This is so far a very basic benchmarking of the computational part of differential power analysis implemented by existing tools. Only runtime to process a traceset is measured.
The motivation for performance benchmarking of DPA tooling is twofold:
- Side channel analysis is an iterative experimental process where fast feedback loop from experiment to analyst is essential
- In many settings the ultimate attack metric is not just the number of traces but the time required for key recovery
Slides with a bit more details (note that the figures there may be outdated compared to this repo):
- Short talk at the Summer school on real-world crypto and privacy, June 2017: floss_dpa_tooling_sibenik.pdf
- Talk at Cryptacus workshop, November 2017: Open-source tooling for differential power analysis.pdf
To clone this repo with the included large datasets you will need Git-LFS. Without Git-LFS, only pointers to large datasets will be cloned.
Maintainers: Cees-Bart Breunesse, Ilya Kizhvatov
- Daredevil: https://github.com/SideChannelMarvels/Daredevil (GPLv3)
- ChipWhisperer: https://github.com/newaetech/chipwhisperer (GPLv3)
- Inspector: https://www.riscure.com/security-tools/inspector-sca (non-free, partially closed-source, serves as an industry standard reference point)
- Jlsca: https://github.com/Riscure/Jlsca (GPLv3)
Standard install described in the repositories/manuals of these tools.
For ChipWhisperer, the C-accelerated CPA implementation has to be built manually in software/chipwhisperer/analyzer/attacks/cpa_algorithms/c_accel
.
As not all of the tools are scriptable, the benchmarking is only minimally automated.
Traceset: 100K traces, 512 float32 samples/trace, 32 byte data
Convert the traceset into different formats
$ cd testcase01
$ ./prepareTraceset.sh
Run measurements for main Jlsca variants and Daredevil.

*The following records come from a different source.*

(* Let $p,d\in C^{2}([0,\infty),\mathbb{R})$, $b\in C^2([0,\infty),\mathbb{C})$, $c\in C^1([0,\infty),\mathbb{C})$, $q\in C([0,\infty),\mathbb{R})$ with $p>0$ on $[0,\infty)$, and assume: (B1) the (possibly improper) limit $d_\infty:=\lim_{t\to\infty}d(t)\in\mathbb{R}\cup\{\pm\infty\}$ exists; (B2) there are constants $\beta,\gamma>0$ with $|b(t)|\le\beta(|d(t)|+1)$ and $|c(t)|\le\gamma(|d(t)|+1)$ for all $t\ge0$; (B3a) for some $\lambda\in\mathbb{R}\setminus\{d_\infty\}$ there is $t_\lambda\ge0$ with $\lambda\notin d([t_\lambda,\infty))$ and $\pi(\cdot,\lambda)$ bounded on $[t_\lambda,\infty)$; (B3b) for every $\lambda\in\mathbb{R}\setminus(\overline{\Delta([0,\infty))}\cup\{d_\infty\})$ there is $t_\lambda\ge0$ with $\lambda\notin d([t_\lambda,\infty))$ and $\rho(\cdot,\lambda)$, $\kappa(\cdot,\lambda)$, $1/\pi(\cdot,\lambda)$ bounded on $[t_\lambda,\infty)$; (C) for every $\lambda\in\mathbb{R}\setminus(\overline{\Delta([0,\infty))}\cup\{d_\infty\})$ the limits $\lim_{t\to\infty}\frac{\rho(t,\lambda)}{\pi(t,\lambda)}$ and $\lim_{t\to\infty}\frac{\kappa(t,\lambda)}{\pi(t,\lambda)}$ exist and are finite. Then for every $\lambda\in\mathbb{R}\setminus(\overline{\Delta([0,\infty))}\cup\{d_\infty\})$ the limits below exist, are finite and satisfy $$\lim_{t\to\infty}\frac{\frac{\partial}{\partial t}\pi(t,\lambda)}{\pi(t,\lambda)}=0,\qquad \lim_{t\to\infty}\frac{\rho(t,\lambda)}{\pi(t,\lambda)}\in\mathbb{R},\qquad \lim_{t\to\infty}\frac{\kappa(t,\lambda)}{\pi(t,\lambda)}\in\mathbb{R}.$$
   Context: Notation: $\Delta(t):=d(t)-|b(t)|^2/p(t)$. For $t$ with $d(t)\ne\lambda$: $\pi(t,\lambda):=p(t)-\frac{|b(t)|^2}{d(t)-\lambda}$, $\rho(t,\lambda):=-\frac{2\operatorname{Im}(b(t)\overline{c(t)})}{d(t)-\lambda}+i\frac{\partial}{\partial t}\pi(t,\lambda)$, $\kappa(t,\lambda):=q(t)-\lambda-\frac{|c(t)|^2}{d(t)-\lambda}+\frac{\partial}{\partial t}\Big(\frac{\overline{b(t)}c(t)}{d(t)-\lambda}\Big)$. The overline on a set denotes closure in $\mathbb{R}$. *)

theory Defs
  imports "HOL-Analysis.Analysis"
begin

text \<open>f is k times continuously differentiable on S (one-sided derivatives at
boundary points of S, via derivatives within S).\<close>
definition Ck_on :: "nat \<Rightarrow> real set \<Rightarrow> (real \<Rightarrow> 'a::real_normed_vector) \<Rightarrow> bool" where
  "Ck_on k S f \<longleftrightarrow> (\<exists>D :: nat \<Rightarrow> real \<Rightarrow> 'a. D 0 = f \<and>
      (\<forall>j<k. \<forall>t\<in>S. (D j has_vector_derivative D (Suc j) t) (at t within S)) \<and>
      (\<forall>j\<le>k. continuous_on S (D j)))"

definition Delta_f :: "(real \<Rightarrow> real) \<Rightarrow> (real \<Rightarrow> complex) \<Rightarrow> (real \<Rightarrow> real) \<Rightarrow> real \<Rightarrow> real" where
  "Delta_f p b d t = d t - (cmod (b t))\<^sup>2 / p t"

definition pi_f :: "(real \<Rightarrow> real) \<Rightarrow> (real \<Rightarrow> complex) \<Rightarrow> (real \<Rightarrow> real) \<Rightarrow> real \<Rightarrow> real \<Rightarrow> real" where
  "pi_f p b d t l = p t - (cmod (b t))\<^sup>2 / (d t - l)"

definition rho_f :: "(real \<Rightarrow> real) \<Rightarrow> (real \<Rightarrow> complex) \<Rightarrow> (real \<Rightarrow> complex) \<Rightarrow> (real \<Rightarrow> real)
    \<Rightarrow> real \<Rightarrow> real \<Rightarrow> complex" where
  "rho_f p b c d t l = complex_of_real (- 2 * Im (b t * cnj (c t)) / (d t - l))
      + \<i> * complex_of_real (vector_derivative (\<lambda>s. pi_f p b d s l) (at t))"

definition kappa_f :: "(real \<Rightarrow> complex) \<Rightarrow> (real \<Rightarrow> complex) \<Rightarrow> (real \<Rightarrow> real) \<Rightarrow> (real \<Rightarrow> real)
    \<Rightarrow> real \<Rightarrow> real \<Rightarrow> complex" where
  "kappa_f b c d q t l = complex_of_real (q t - l - (cmod (c t))\<^sup>2 / (d t - l))
      + vector_derivative (\<lambda>s. cnj (b s) * c s / complex_of_real (d s - l)) (at t)"

end

theory Submission
  imports Defs
begin

text \<open>
  Since \<open>\<pi>\<close> is real, only the imaginary parts of the two limits have to vanish, and
  \<open>Im (\<rho>/\<pi>) = \<pi>'/\<pi>\<close>, \<open>Im (\<kappa>/\<pi>) = (Im w)'/\<pi>\<close> with \<open>w = conj b c / (d - \<lambda>)\<close>, while
  \<open>Re \<rho> = 2 Im w\<close>. So both are quotients \<open>g'/\<pi>\<close> with \<open>g\<close> bounded on a half-line: \<open>g = Im w\<close>
  because \<open>\<rho>\<close> is bounded, and \<open>g = \<pi>\<close> because \<open>\<pi>' = Im \<rho>\<close> is bounded and a nonzero limit
  of \<open>\<pi>'/\<pi>\<close> forces \<open>\<pi>\<close> itself to be bounded. Now if \<open>g'/\<pi> \<longrightarrow> a \<noteq> 0\<close> with \<open>1/\<pi>\<close> bounded,
  the continuous nonvanishing \<open>\<pi>\<close> has constant sign, so \<open>g'\<close> is eventually bounded away
  from \<open>0\<close> with a fixed sign and \<open>g\<close> is unbounded by the mean value theorem.
\<close>

lemma bounded_image_atLeast_mono:
  fixes T T' :: "'a::order"
  assumes "bounded (f ` {T..})" and "T \<le> T'"
  shows "bounded (f ` {T'..})"
  using assms by (meson atLeast_subset_iff bounded_subset image_mono)

lemma obtain_at_top_close_to_limit:
  fixes f :: "real \<Rightarrow> real"
  assumes "a \<noteq> 0" and "(f \<longlongrightarrow> a) at_top"
  obtains T1 where "T1 \<ge> T" and "\<forall>t\<ge>T1. \<bar>f t - a\<bar> < \<bar>a\<bar> / 2"
proof -
  have "\<forall>\<^sub>F t in at_top. \<bar>f t - a\<bar> < \<bar>a\<bar> / 2"
    using tendstoD[OF assms(2), of "\<bar>a\<bar> / 2"] assms(1) by (simp add: dist_real_def)
  then show ?thesis
    using that unfolding eventually_at_top_linorder by (metis max.cobounded1 max.cobounded2 order_trans)
qed

lemma unbounded_of_derivative_ge:
  fixes f f' :: "real \<Rightarrow> real"
  assumes deriv: "\<forall>t\<ge>T. (f has_real_derivative f' t) (at t)"
    and ge: "\<forall>t\<ge>T. f' t \<ge> k" and "k > 0"
  shows "\<not> bounded (f ` {T..})"
proof
  assume "bounded (f ` {T..})"
  then obtain M where M: "\<forall>t\<ge>T. \<bar>f t\<bar> \<le> M"
    by (auto simp: bounded_iff)
  define x where "x = T + (2 * M + 1) / k"
  have "M \<ge> 0" using M by force
  then have "T < x" using \<open>k > 0\<close> by (simp add: x_def)
  then obtain z where z: "T < z" "f x - f T = (x - T) * f' z"
    using MVT2[of T x f f'] deriv by auto
  have "(x - T) * k \<le> (x - T) * f' z"
    using ge z \<open>T < x\<close> by (intro mult_left_mono) auto
  moreover have "(x - T) * k = 2 * M + 1" using \<open>k > 0\<close> by (simp add: x_def)
  moreover have "\<bar>f x\<bar> \<le> M" "\<bar>f T\<bar> \<le> M" using M \<open>T < x\<close> by auto
  ultimately show False using z by linarith
qed

lemma continuous_on_nonzero_sgn_eq:
  fixes P :: "real \<Rightarrow> real"
  assumes "continuous_on {T..} P" and "\<forall>t\<ge>T. P t \<noteq> 0" and "t \<ge> T"
  shows "sgn (P t) = sgn (P T)"
proof (rule ccontr)
  assume "sgn (P t) \<noteq> sgn (P T)"
  then have "min (P t) (P T) \<le> 0" "0 \<le> max (P t) (P T)"
    using assms(2,3) by (auto simp: sgn_if split: if_splits)
  moreover have "connected (P ` {T..})"
    using assms(1) by (rule connected_continuous_image) simp
  moreover have "min (P t) (P T) \<in> P ` {T..}" "max (P t) (P T) \<in> P ` {T..}"
    using \<open>t \<ge> T\<close> by (auto simp: min_def max_def)
  ultimately have "0 \<in> P ` {T..}"
    unfolding connected_iff_interval by blast
  then show False using assms(2) by auto
qed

The timings are output at the end. You may want to adjust max memory and #threads settings for Daredevil in its config file.
$ ./run_jlsca_condavg[_hw].sh
$ ./run_jlsca_inccpa[_hw].sh
$ ./run_daredevil[_hw].sh
ChipWhisperer and Inspector are run from the GUI. Inspector configuration settings and ChipWhisperer attack script attack_cpa_caccel.py
are included in the repository.
Tool | Laptop | Desktop | Ratio |
---|---|---|---|
Daredevil | 980 | 392 | 2.5 |
Inspector | 847 | 377 | 2.3 |
Jlsca, incremental correlation | 381 | 189 | 2.0 |
Jlsca, conditional averaging | 20 | 12 | 1.6 |
ChipWhisperer does not include the all-bit CPA by default.
Tool | Laptop | Desktop | Ratio |
---|---|---|---|
ChipWhisperer | 1109 | 840 | 1.3 |
Daredevil | 128 | 54 | 2.4 |
Inspector | 124 | 73 | 1.7 |
Jlsca, incremental correlation | 60 | 32 | 2.2 |
Jlsca, conditional averaging | 19 | 11 | 1.7 |
- Runtime shown in seconds
- Ratio column shows the speedup factor from moving to a more powerful platform
- Daredevil, Inspector and ChipWhisperer implement incremental correlation computation
- For ChipWhisperer, the two available non-accelerated versions took on a laptop 1 hour 14 minutes (Progressive) and 2 hours (Simple).
- Number of threads chosen for fastest execution:
- for Daredevil, Jlsca and Inspector, number of physical cores x2 (assuming hyperthreading is on)
- for Jlsca, for conditional averaging the number of threads does not matter
- Memory:
- in Daredevil config, max memory is set to physical RAM size minus 1 GB
- Windows vs Linux:
- Jlsca in Windows similar performance to Linux
- Daredevil on Windows (cygwin build) 30% slower than on Linux
Laptop: i5-3230M 2.6 GHz (dual-core), 4 GB 1600 MHz DDR3, HDD, Ubuntu 16.04 x64 4.4.0-116 / Windows 7 x64
Desktop: i7-6700 3.4 GHz (quad-core), 64 GB 2133 MHz DDR4, HDD, Ubunutu 16.04 x64 4.4.0-116 / Windows 7 x64
TurboBoost is on, normal room temperature.
Tool versions:
- Daredevil
897f602
, built with g++ 5.4.0-6ubuntu1~16.04.5 and run under Linux - Jlsca
6fa3f9bf
, run with julia 0.6.2 under Linux - ChipWhisperer
5ba1b1c
, C-accel built with g++ 5.4.0-6ubuntu1~16.04.5, run with Python 2.7.12 under Linux. In later commits the C-accelerated attack segfaults. - Inspector 4.12, run under Windows
Note that the same Jlsca code can run (with minimal additions) on a cluster of machines. This is not included here as it is quite a different setting, but described separately in this tutorial.